Allora non c’è speranza?

“Una speranza c’è e viene dalla gente. Più o meno in tutto il mondo le persone
cominciano a pensare che questo ritorno indietro del capitalismo sia più foriero
di guai che di benessere. In fondo il capitalismo si è sempre legittimato, e a
volte con ragione, dicendo: ti do maggiore benessere, maggiori consumi. Oggi
non solo abbiamo i problemi storici del capitalismo ma anche il problema che
non avremo più la seconda macchina, forse neppure la prima. E se uno non sta
attento perde pure la casa. In Italia sono moltissimi gli immobili che vanno in
asta giudiziaria perché non si riesce più a pagare i mutui. Qui scoppia una
contraddizione forte. Questo capitalismo si è affermato promettendo ricchezza a
ciascuno. Però è una promessa che non può mantenere. Anzi sta facendo di
tutto per dimostrare che non la manterrà”.

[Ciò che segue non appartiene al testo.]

lemma bil_le_Off:
  assumes "adm_pair C0 P1 P2" "f1 \<in> borel_measurable lborel" "f2 \<in> borel_measurable lborel"
    "\<And>y. cmod (f1 y) \<le> 1" "\<And>x. cmod (f2 x) \<le> 1"
  shows "ereal (cmod (bil K b P1 P2 f1 f2) / measure lborel P1 powr (1 + 1/u - 1/t)) \<le> Off K b C0 u t"
  unfolding Off_def using assms by (intro SUP_upper2[of "(P1, P2, f1, f2)"]) auto

lemma ereal_le_mult_powr_split:
  assumes "0 < m" "0 \<le> k" "x \<le> k * (B / m)" "ereal (B / m powr (1 + e)) \<le> Q"
  shows "ereal x \<le> ereal k * Q * ereal (m powr e)"
proof -
  have "B / m = B / m powr (1 + e) * m powr e"
    using \<open>0 < m\<close> by (simp add: powr_add field_simps)
  then have "ereal x \<le> ereal k * ereal (B / m powr (1 + e)) * ereal (m powr e)"
    using assms(3) by (simp add: mult.assoc)
  also have "\<dots> \<le> ereal k * Q * ereal (m powr e)"
    using assms(2,4) by (intro ereal_mult_right_mono ereal_mult_left_mono) auto
  finally show ?thesis .
qed

context nondegenerate_zygmund_kernel
begin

Lo storico statunitense come Immanuel Wallerstein ha affermato che il
capitalismo non morirà per i suoi insuccessi ma per i suoi successi…

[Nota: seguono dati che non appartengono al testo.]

(* For each $x\in\mathcal I$ and any pair of randomized stopping times with conditional cumulative distribution functions $(\Gamma^1,\Gamma^2)$, $$J^1(x,\Gamma^1,\Gamma^2)\le\sup_{\tau^1\in\mathcal T}J^1(x,\tau^1,\Gamma^2),\qquad J^2(x,\Gamma^1,\Gamma^2)\le\sup_{\tau^2\in\mathcal T}J^2(x,\Gamma^1,\tau^2).$$
   Context: $\mathcal I=(\alpha,\beta)$, $X$ the coordinate process on the canonical space of continuous paths, $\mathbf P_x$ the law under which $X$ solves (weakly, uniquely in law) $\mathrm dX_t=b(X_t)\mathrm dt+\sigma(X_t)\mathrm dW_t$, $X_0=x$, with $b,\sigma$ continuous, $\sigma>0$, natural endpoints. $(\mathcal F_t)$ is the usual augmentation of the natural filtration of $X$, $\mathcal T$ its stopping times. $r>0$; $R^i,G^i$ continuous on $\mathcal I$ with $\mathbf E_x[\sup_te^{-rt}|R^i(X_t)|]<\infty$ and $\mathbf E_x[\sup_te^{-rt}|G^i(X_t)|]<\infty$; convention $f(X_\tau)=0$ on $\{\tau=\infty\}$. A randomized stopping time for player $i$ is an $\mathcal F\otimes\mathcal B([0,1])$-measurable $\gamma^i:\Omega\times[0,1]\to[0,\infty]$ with $\gamma^i(\cdot,u)\in\mathcal T$ for a.e. $u$; its conditional cdf is $\Gamma^i_t=\int_0^11_{\{\gamma^i(\cdot,u)\le t\}}\mathrm du$, $\Lambda^i=1-\Gamma^i$, $\Gamma^i_{0-}=0$; a pure stopping time $\tau\in\mathcal T$ has $\Gamma_t=1_{\{\tau\le t\}}$. Payoffs (with $j$ the other player): $J^i(x,\Gamma^1,\Gamma^2)=\mathbf E_x[\int_{[0,\infty)}e^{-rt}R^i(X_t)\Lambda^j_{t-}\mathrm d\Gamma^i_t+\int_{[0,\infty)}e^{-rt}G^i(X_t)\Lambda^i_t\mathrm d\Gamma^j_t]$. *)

theory Defs
  imports "HOL-Probability.Probability"
begin

text \<open>Time runs in ennreal = [0,\<infinity>]; a filtration is F :: ennreal \<Rightarrow> 'a measure and
  stopping times are the library's stopping_time F (values in [0,\<infinity>]).\<close>

definition randomized_stopping_time ::
  "(ennreal \<Rightarrow> 'a measure) \<Rightarrow> 'a measure \<Rightarrow> ('a \<Rightarrow> real \<Rightarrow> ennreal) \<Rightarrow> bool" where
  "randomized_stopping_time F M \<gamma> \<longleftrightarrow>
     (\<lambda>(\<omega>, u). \<gamma> \<omega> u) \<in> borel_measurable (M \<Otimes>\<^sub>M restrict_space borel {0..1::real}) \<and>
     (AE u in restrict_space lborel {0..1::real}. stopping_time F (\<lambda>\<omega>. \<gamma> \<omega> u))"

text \<open>Conditional cdf Gamma_t(omega) = Leb{u in [0,1]. gamma(omega,u) \<le> t} for t \<ge> 0,
  and 0 for t < 0 (so that Gamma_{0-} = 0).\<close>
definition rst_cdf :: "('a \<Rightarrow> real \<Rightarrow> ennreal) \<Rightarrow> 'a \<Rightarrow> real \<Rightarrow> real" where
  "rst_cdf \<gamma> \<omega> t =
     (if t < 0 then 0 else measure lborel {u \<in> {0..1::real}. \<gamma> \<omega> u \<le> ennreal t})"

definition pure_cdf :: "('a \<Rightarrow> ennreal) \<Rightarrow> 'a \<Rightarrow> real \<Rightarrow> real" where
  "pure_cdf \<tau> \<omega> t = (if 0 \<le> t \<and> \<tau> \<omega> \<le> ennreal t then 1 else 0)"

definition cdf_left :: "(real \<Rightarrow> real) \<Rightarrow> real \<Rightarrow> real" where
  "cdf_left \<Gamma> t = Lim (at_left t) \<Gamma>"

definition payoff ::
  "(real \<Rightarrow> 'a measure) \<Rightarrow> (real \<Rightarrow> 'a \<Rightarrow> real) \<Rightarrow> real \<Rightarrow> (real \<Rightarrow> real) \<Rightarrow> (real \<Rightarrow> real)
   \<Rightarrow> real \<Rightarrow> ('a \<Rightarrow> real \<Rightarrow> real) \<Rightarrow> ('a \<Rightarrow> real \<Rightarrow> real) \<Rightarrow> real" where
  "payoff P X r R G x Gi Gj =
     (\<integral>\<omega>. (set_lebesgue_integral (interval_measure (Gi \<omega>)) {0..}
              (\<lambda>t. exp (- r * t) * R (X t \<omega>) * (1 - cdf_left (Gj \<omega>) t)))
          + (set_lebesgue_integral (interval_measure (Gj \<omega>)) {0..}
              (\<lambda>t. exp (- r * t) * G (X t \<omega>) * (1 - Gi \<omega> t))) \<partial>P x)"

“Non so se in questo caso Wallerstein abbia ragione. A me sembra che l’attuale
capitalismo sia una macchina ancora per molti versi sconosciuta. Sono
avvenute delle trasformazioni fondamentali. Una volta al massimo di faceva la
guerra per le materie prime, i pozzi di petrolio. Oggi la guerra è diventata un
motore dello sviluppo capitalista. Da quando gli Usa sono entrati in guerra
contro il terrorismo, che potenzialmente è una guerra a tutto il mondo, gli
investimenti in spese militari hanno fatto rialzare il PIL di quel Paese in maniera
incredibile passando dalla crisi alla ripresa. Purtroppo un meccanismo del
genere può durare molto. Questo è un capitalismo che produce sempre più
catastrofi. Ma alla catastrofe finale non credo, quantomeno non a breve
termine. Preferisco pensare che prima della catastrofe saranno le persone ad
accorgersi che bisogna cambiare stile di vita e il rapporto con il denaro. Il che
vuol dire non subordinare alla ricchezza i valori del genere umano,
dall’ambiente alle relazioni interpersonali”.

Patrizio Paolinelli, ABC, periodico del quotidiano il Domani di Bologna, 10 febbraio 2004.